====== RECORDS SHOWN ======

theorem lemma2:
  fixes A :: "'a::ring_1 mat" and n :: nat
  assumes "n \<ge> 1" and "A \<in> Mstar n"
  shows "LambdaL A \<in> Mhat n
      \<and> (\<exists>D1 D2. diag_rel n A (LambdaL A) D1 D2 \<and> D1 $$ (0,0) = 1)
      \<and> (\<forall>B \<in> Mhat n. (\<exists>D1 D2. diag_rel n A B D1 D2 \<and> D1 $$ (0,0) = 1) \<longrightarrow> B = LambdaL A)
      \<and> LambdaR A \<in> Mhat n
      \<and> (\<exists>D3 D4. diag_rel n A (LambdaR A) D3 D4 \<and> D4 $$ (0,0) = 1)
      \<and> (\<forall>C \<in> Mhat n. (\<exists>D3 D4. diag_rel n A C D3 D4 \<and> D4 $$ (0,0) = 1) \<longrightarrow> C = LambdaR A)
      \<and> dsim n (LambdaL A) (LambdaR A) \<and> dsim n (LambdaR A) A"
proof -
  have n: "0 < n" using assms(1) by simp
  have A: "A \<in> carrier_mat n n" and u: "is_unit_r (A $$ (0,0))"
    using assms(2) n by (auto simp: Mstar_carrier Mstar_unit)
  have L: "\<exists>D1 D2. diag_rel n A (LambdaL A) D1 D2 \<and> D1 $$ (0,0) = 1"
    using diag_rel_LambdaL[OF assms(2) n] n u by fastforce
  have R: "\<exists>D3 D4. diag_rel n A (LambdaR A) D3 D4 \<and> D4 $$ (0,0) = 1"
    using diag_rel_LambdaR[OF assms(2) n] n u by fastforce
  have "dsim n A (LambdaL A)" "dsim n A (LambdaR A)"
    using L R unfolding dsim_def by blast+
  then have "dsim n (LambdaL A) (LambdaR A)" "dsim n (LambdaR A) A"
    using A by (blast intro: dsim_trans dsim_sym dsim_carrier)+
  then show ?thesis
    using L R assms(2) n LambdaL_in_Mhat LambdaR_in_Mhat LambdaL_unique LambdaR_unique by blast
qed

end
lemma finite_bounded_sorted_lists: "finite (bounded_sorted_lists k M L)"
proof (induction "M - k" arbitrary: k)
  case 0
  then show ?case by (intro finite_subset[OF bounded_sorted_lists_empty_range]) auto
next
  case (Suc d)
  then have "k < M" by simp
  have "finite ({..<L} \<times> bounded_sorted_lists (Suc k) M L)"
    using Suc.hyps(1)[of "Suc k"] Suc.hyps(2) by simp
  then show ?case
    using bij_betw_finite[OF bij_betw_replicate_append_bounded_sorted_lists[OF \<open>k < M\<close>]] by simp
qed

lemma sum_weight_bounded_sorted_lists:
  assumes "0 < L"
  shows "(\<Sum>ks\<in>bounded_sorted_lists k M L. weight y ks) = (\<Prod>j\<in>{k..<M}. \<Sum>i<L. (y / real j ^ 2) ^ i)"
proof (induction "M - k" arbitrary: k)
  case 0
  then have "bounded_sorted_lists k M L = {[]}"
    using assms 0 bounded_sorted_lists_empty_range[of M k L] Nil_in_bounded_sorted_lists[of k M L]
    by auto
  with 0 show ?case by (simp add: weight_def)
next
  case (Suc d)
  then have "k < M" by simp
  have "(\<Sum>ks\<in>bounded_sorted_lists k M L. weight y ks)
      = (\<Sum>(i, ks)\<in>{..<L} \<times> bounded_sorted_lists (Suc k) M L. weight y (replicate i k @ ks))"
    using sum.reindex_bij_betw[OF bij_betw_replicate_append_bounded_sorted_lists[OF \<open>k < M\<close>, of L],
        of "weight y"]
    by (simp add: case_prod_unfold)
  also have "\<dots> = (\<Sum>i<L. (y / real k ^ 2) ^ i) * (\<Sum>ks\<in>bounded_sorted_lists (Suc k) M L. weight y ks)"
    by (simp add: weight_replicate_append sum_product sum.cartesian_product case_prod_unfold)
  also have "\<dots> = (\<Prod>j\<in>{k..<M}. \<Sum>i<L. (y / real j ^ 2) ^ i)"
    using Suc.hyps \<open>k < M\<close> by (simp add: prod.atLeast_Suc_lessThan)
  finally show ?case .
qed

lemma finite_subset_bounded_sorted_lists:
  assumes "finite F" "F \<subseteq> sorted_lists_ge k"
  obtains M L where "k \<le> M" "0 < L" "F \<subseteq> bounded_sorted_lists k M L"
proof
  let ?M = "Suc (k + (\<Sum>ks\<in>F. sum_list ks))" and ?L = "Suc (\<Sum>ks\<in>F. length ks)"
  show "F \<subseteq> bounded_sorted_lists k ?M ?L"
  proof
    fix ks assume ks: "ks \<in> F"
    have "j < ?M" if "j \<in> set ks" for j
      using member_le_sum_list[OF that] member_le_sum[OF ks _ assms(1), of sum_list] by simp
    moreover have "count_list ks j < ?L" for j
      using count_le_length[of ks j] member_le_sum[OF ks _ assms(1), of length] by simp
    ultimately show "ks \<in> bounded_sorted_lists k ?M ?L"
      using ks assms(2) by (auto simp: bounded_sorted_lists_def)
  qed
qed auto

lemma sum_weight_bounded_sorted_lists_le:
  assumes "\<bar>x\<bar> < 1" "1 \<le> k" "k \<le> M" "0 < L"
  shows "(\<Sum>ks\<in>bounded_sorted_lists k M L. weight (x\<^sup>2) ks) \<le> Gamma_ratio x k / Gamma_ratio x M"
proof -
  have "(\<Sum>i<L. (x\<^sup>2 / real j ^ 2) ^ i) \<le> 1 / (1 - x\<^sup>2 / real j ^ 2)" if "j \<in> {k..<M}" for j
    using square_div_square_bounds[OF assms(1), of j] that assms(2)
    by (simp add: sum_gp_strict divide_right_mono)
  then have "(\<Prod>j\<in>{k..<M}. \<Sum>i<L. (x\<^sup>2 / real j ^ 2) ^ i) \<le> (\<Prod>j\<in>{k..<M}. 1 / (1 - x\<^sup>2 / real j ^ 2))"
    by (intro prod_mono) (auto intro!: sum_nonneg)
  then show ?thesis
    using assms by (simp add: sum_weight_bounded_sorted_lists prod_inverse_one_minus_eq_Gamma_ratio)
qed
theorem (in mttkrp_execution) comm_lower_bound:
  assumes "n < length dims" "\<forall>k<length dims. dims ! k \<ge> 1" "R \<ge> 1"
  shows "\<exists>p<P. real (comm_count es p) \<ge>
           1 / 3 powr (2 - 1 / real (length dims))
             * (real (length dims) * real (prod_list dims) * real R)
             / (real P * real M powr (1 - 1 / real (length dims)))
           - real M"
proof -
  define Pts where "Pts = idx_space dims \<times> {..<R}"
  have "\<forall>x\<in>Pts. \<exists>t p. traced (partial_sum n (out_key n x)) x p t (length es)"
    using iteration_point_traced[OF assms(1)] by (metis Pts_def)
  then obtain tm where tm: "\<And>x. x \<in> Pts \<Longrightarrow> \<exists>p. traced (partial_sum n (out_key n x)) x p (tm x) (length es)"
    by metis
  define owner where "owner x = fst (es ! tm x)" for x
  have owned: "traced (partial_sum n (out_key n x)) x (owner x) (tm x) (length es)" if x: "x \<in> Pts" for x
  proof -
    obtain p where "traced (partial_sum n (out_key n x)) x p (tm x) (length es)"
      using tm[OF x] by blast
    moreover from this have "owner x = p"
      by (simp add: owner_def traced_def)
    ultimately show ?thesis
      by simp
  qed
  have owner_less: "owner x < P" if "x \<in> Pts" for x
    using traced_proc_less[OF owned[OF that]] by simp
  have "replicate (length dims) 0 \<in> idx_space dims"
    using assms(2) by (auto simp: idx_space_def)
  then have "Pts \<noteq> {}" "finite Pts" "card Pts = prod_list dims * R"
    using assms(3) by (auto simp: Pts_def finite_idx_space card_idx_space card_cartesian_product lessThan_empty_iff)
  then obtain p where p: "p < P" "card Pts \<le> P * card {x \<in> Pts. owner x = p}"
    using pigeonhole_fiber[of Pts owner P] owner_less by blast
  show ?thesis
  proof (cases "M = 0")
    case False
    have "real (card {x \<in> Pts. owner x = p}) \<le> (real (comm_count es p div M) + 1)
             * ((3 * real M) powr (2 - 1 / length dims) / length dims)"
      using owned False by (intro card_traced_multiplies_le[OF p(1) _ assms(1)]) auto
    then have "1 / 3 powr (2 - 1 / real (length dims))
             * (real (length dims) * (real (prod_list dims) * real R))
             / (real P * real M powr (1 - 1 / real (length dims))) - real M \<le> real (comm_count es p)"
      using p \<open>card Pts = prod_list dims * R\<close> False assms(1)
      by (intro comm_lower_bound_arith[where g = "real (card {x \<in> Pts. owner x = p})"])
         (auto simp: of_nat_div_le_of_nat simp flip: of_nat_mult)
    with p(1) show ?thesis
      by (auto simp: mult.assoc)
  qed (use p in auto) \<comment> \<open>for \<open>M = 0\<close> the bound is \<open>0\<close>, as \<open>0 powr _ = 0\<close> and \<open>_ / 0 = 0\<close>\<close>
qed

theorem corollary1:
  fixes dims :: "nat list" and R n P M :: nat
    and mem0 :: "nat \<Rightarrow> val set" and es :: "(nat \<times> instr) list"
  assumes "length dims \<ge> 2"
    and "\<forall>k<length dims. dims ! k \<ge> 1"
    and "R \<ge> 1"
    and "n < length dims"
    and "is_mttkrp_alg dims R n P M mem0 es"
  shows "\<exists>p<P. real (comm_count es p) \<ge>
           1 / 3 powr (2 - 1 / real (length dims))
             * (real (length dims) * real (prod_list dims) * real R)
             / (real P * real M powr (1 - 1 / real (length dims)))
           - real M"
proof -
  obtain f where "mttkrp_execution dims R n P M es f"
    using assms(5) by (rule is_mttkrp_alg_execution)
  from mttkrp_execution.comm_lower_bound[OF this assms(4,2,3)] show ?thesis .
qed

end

======

*WHAT IS NEEDED:*
From the very first line of the data through the line with "B = LambdaL A)" in it, please reproduce each line exactly and output nothing more.

*YOUR SOLUTION:*
theorem lemma2:
  fixes A :: "'a::ring_1 mat" and n :: nat
  assumes "n \<ge> 1" and "A \<in> Mstar n"
  shows "LambdaL A \<in> Mhat n
      \<and> (\<exists>D1 D2. diag_rel n A (LambdaL A) D1 D2 \<and> D1 $$ (0,0) = 1)
      \<and> (\<forall>B \<in> Mhat n. (\<exists>D1 D2. diag_rel n A B D1 D2 \<and> D1 $$ (0,0) = 1) \<longrightarrow> B = LambdaL A)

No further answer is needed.